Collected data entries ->
*** Begin section ***

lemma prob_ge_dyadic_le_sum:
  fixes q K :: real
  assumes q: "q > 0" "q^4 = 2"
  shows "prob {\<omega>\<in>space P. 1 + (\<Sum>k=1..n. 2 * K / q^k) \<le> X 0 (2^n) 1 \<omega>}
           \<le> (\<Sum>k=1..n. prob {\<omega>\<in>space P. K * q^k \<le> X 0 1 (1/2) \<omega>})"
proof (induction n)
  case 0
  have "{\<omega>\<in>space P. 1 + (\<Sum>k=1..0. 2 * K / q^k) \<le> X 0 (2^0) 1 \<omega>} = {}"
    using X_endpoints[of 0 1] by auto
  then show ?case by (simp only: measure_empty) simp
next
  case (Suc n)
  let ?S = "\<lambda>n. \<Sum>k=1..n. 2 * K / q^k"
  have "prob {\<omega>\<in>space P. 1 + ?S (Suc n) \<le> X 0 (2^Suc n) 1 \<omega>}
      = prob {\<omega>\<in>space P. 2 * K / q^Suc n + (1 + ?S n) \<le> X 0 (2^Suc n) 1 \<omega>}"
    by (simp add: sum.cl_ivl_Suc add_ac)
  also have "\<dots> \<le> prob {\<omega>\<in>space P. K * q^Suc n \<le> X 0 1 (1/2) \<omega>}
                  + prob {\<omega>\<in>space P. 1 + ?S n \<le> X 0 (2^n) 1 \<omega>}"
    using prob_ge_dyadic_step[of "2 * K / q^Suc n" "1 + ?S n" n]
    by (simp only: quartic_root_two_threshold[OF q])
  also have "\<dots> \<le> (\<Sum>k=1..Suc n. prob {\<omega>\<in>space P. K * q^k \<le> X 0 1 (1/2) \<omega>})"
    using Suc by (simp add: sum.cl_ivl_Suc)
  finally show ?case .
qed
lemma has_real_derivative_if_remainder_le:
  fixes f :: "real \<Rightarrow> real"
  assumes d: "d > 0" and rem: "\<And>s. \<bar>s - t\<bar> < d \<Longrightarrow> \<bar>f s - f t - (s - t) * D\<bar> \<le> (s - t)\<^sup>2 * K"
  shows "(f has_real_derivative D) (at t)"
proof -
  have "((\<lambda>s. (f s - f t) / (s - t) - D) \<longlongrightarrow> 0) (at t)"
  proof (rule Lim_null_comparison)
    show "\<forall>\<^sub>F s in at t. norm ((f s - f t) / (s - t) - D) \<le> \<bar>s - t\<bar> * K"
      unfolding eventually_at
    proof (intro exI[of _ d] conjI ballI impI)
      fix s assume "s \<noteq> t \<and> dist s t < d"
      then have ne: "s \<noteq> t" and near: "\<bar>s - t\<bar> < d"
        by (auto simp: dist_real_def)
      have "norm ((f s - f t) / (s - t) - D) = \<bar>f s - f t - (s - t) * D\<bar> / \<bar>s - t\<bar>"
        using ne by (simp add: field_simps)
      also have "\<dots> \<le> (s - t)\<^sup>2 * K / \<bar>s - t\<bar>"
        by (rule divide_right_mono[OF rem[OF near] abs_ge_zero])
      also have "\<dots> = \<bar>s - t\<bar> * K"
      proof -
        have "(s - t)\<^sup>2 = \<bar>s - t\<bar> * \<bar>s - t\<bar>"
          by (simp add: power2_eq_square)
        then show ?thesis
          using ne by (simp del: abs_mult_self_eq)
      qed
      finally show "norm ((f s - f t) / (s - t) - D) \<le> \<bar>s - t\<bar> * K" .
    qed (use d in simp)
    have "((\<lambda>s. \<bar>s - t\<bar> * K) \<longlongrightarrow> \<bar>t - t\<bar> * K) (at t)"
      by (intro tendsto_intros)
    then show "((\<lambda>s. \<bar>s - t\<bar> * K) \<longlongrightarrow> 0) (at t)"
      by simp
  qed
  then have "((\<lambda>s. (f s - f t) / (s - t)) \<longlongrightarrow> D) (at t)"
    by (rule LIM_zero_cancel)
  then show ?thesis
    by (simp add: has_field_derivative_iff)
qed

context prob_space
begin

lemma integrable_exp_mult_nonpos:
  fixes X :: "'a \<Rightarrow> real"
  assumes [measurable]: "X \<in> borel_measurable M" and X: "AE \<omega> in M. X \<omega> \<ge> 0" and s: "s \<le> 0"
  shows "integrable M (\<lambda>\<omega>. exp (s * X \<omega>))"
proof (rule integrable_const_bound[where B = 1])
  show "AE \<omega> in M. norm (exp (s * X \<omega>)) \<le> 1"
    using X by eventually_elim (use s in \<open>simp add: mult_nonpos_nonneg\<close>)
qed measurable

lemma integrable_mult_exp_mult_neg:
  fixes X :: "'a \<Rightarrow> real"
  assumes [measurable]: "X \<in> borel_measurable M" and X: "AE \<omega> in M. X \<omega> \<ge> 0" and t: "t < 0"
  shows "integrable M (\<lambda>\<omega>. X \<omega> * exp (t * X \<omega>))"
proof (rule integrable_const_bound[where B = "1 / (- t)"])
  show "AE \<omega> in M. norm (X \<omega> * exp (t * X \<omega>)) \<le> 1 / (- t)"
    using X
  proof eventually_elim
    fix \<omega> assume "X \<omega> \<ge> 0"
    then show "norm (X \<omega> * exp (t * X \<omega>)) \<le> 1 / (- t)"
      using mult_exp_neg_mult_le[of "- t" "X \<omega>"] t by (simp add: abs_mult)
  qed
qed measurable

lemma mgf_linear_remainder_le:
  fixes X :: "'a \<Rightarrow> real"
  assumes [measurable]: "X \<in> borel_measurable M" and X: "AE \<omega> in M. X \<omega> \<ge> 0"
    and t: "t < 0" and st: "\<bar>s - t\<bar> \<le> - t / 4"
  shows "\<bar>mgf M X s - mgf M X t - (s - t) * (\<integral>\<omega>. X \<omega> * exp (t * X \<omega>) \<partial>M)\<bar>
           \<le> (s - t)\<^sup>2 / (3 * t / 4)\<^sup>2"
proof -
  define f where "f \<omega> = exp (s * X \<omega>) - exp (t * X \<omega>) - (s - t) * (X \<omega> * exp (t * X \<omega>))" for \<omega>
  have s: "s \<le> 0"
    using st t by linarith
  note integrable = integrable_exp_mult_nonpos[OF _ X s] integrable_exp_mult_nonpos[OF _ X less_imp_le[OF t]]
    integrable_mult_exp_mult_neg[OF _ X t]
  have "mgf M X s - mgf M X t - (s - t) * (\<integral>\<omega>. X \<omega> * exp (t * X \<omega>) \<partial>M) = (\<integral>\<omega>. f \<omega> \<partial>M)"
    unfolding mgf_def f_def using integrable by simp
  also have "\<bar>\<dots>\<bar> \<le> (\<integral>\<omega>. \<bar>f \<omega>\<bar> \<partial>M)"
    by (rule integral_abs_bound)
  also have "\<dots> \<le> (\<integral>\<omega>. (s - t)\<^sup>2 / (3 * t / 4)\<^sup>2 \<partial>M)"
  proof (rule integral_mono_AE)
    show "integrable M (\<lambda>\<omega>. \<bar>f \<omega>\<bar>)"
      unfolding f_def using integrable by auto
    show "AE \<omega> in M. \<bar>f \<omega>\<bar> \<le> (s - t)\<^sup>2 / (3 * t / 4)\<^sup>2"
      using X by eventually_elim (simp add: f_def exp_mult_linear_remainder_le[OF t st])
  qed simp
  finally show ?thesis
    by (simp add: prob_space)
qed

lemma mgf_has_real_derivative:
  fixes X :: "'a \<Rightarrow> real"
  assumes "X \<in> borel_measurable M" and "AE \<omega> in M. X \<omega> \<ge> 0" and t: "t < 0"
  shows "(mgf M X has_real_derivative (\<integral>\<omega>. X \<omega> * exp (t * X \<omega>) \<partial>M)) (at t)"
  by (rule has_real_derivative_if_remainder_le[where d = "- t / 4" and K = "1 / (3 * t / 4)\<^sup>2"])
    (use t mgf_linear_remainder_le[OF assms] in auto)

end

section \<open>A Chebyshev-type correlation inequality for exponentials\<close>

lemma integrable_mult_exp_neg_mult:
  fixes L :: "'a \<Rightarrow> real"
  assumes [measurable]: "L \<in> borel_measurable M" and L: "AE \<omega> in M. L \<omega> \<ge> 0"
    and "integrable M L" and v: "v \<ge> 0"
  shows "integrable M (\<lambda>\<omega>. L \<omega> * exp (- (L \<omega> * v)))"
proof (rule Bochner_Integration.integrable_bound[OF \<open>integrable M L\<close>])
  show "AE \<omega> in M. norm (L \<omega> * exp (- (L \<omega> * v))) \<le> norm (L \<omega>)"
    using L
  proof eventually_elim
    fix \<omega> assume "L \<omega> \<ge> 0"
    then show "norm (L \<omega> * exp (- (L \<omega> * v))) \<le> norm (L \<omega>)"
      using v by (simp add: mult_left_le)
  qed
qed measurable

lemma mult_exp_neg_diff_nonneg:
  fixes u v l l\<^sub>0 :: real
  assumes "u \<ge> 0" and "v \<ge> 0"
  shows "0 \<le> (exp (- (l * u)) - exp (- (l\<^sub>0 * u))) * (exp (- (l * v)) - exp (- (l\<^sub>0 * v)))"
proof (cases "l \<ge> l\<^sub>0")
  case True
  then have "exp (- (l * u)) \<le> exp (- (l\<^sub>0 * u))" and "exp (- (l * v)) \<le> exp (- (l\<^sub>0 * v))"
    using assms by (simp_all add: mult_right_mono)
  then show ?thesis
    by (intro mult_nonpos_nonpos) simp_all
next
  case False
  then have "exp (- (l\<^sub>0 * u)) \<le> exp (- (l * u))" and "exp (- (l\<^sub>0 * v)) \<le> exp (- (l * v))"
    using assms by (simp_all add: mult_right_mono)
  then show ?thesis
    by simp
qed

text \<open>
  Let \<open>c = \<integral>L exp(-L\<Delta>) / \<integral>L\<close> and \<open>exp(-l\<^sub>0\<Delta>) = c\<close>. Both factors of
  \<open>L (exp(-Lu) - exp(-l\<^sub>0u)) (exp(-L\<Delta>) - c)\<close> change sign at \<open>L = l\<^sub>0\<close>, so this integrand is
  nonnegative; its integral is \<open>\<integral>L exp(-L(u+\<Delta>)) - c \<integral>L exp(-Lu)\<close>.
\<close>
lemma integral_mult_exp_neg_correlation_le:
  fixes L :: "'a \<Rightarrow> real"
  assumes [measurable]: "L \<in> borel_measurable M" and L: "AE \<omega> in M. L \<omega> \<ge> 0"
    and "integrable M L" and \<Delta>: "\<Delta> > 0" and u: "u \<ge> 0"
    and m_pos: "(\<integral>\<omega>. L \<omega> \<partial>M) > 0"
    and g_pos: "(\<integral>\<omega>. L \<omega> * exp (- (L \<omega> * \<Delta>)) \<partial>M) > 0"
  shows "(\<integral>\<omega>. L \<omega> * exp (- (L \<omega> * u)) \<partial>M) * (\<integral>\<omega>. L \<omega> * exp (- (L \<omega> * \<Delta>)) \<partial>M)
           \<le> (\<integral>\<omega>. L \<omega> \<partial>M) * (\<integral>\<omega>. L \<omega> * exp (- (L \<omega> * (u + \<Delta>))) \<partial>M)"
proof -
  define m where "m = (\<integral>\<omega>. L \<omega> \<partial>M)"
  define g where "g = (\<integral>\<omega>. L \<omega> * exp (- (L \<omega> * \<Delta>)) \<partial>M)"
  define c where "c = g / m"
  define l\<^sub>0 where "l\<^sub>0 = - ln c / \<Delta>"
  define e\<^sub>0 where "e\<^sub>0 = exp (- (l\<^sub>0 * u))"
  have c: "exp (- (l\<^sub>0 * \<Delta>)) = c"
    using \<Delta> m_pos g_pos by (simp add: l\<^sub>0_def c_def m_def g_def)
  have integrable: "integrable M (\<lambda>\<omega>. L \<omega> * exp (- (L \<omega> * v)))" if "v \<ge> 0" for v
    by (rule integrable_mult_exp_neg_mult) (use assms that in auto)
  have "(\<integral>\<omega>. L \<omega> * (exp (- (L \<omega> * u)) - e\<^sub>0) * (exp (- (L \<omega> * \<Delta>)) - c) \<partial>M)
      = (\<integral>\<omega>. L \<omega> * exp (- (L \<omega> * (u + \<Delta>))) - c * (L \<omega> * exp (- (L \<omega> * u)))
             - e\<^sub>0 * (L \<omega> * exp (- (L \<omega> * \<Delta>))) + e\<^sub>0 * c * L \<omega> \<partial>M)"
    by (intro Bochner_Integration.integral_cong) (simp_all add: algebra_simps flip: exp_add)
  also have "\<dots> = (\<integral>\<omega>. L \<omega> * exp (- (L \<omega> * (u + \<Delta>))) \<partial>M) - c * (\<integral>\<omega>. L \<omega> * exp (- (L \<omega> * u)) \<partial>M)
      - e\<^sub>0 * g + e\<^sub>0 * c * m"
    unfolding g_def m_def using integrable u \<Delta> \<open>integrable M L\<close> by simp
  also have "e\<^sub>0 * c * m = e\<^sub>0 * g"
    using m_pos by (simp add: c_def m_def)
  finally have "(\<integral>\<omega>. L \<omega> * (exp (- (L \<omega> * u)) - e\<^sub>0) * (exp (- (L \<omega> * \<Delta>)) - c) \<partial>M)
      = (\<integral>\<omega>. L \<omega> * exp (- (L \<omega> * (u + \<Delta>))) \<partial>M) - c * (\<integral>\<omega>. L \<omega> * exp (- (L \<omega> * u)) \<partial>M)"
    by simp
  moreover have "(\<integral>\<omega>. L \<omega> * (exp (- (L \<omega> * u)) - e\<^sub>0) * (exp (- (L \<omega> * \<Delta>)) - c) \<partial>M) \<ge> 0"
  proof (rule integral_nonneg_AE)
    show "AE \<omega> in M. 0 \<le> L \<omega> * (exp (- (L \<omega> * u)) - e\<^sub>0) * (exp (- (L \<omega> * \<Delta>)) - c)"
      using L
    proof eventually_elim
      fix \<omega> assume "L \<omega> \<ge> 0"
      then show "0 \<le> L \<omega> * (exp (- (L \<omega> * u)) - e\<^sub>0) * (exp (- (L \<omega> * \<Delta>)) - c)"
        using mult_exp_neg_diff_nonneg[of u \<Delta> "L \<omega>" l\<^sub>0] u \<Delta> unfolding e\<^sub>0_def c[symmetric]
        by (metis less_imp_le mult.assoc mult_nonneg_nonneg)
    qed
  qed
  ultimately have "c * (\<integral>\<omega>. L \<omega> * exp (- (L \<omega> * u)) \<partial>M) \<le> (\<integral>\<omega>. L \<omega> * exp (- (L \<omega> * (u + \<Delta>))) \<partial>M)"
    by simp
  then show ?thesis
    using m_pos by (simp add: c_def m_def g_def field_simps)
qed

*** End section ***

About this task -> In the entries above, restate word for word the lines between the one holding "fixes q K :: real" and the one holding "< d \<Longrightarrow>", inclusive, and nothing besides.

Output below ->
  fixes q K :: real
  assumes q: "q > 0" "q^4 = 2"
  shows "prob {\<omega>\<in>space P. 1 + (\<Sum>k=1..n. 2 * K / q^k) \<le> X 0 (2^n) 1 \<omega>}
           \<le> (\<Sum>k=1..n. prob {\<omega>\<in>space P. K * q^k \<le> X 0 1 (1/2) \<omega>})"
proof (induction n)
  case 0
  have "{\<omega>\<in>space P. 1 + (\<Sum>k=1..0. 2 * K / q^k) \<le> X 0 (2^0) 1 \<omega>} = {}"
    using X_endpoints[of 0 1] by auto
  then show ?case by (simp only: measure_empty) simp
next
  case (Suc n)
  let ?S = "\<lambda>n. \<Sum>k=1..n. 2 * K / q^k"
  have "prob {\<omega>\<in>space P. 1 + ?S (Suc n) \<le> X 0 (2^Suc n) 1 \<omega>}
      = prob {\<omega>\<in>space P. 2 * K / q^Suc n + (1 + ?S n) \<le> X 0 (2^Suc n) 1 \<omega>}"
    by (simp add: sum.cl_ivl_Suc add_ac)
  also have "\<dots> \<le> prob {\<omega>\<in>space P. K * q^Suc n \<le> X 0 1 (1/2) \<omega>}
                  + prob {\<omega>\<in>space P. 1 + ?S n \<le> X 0 (2^n) 1 \<omega>}"
    using prob_ge_dyadic_step[of "2 * K / q^Suc n" "1 + ?S n" n]
    by (simp only: quartic_root_two_threshold[OF q])
  also have "\<dots> \<le> (\<Sum>k=1..Suc n. prob {\<omega>\<in>space P. K * q^k \<le> X 0 1 (1/2) \<omega>})"
    using Suc by (simp add: sum.cl_ivl_Suc)
  finally show ?case .
qed
lemma has_real_derivative_if_remainder_le:
  fixes f :: "real \<Rightarrow> real"
  assumes d: "d > 0" and rem: "\<And>s. \<bar>s - t\<bar> < d \<Longrightarrow> \<bar>f s - f t - (s - t) * D\<bar> \<le> (s - t)\<^sup>2 * K"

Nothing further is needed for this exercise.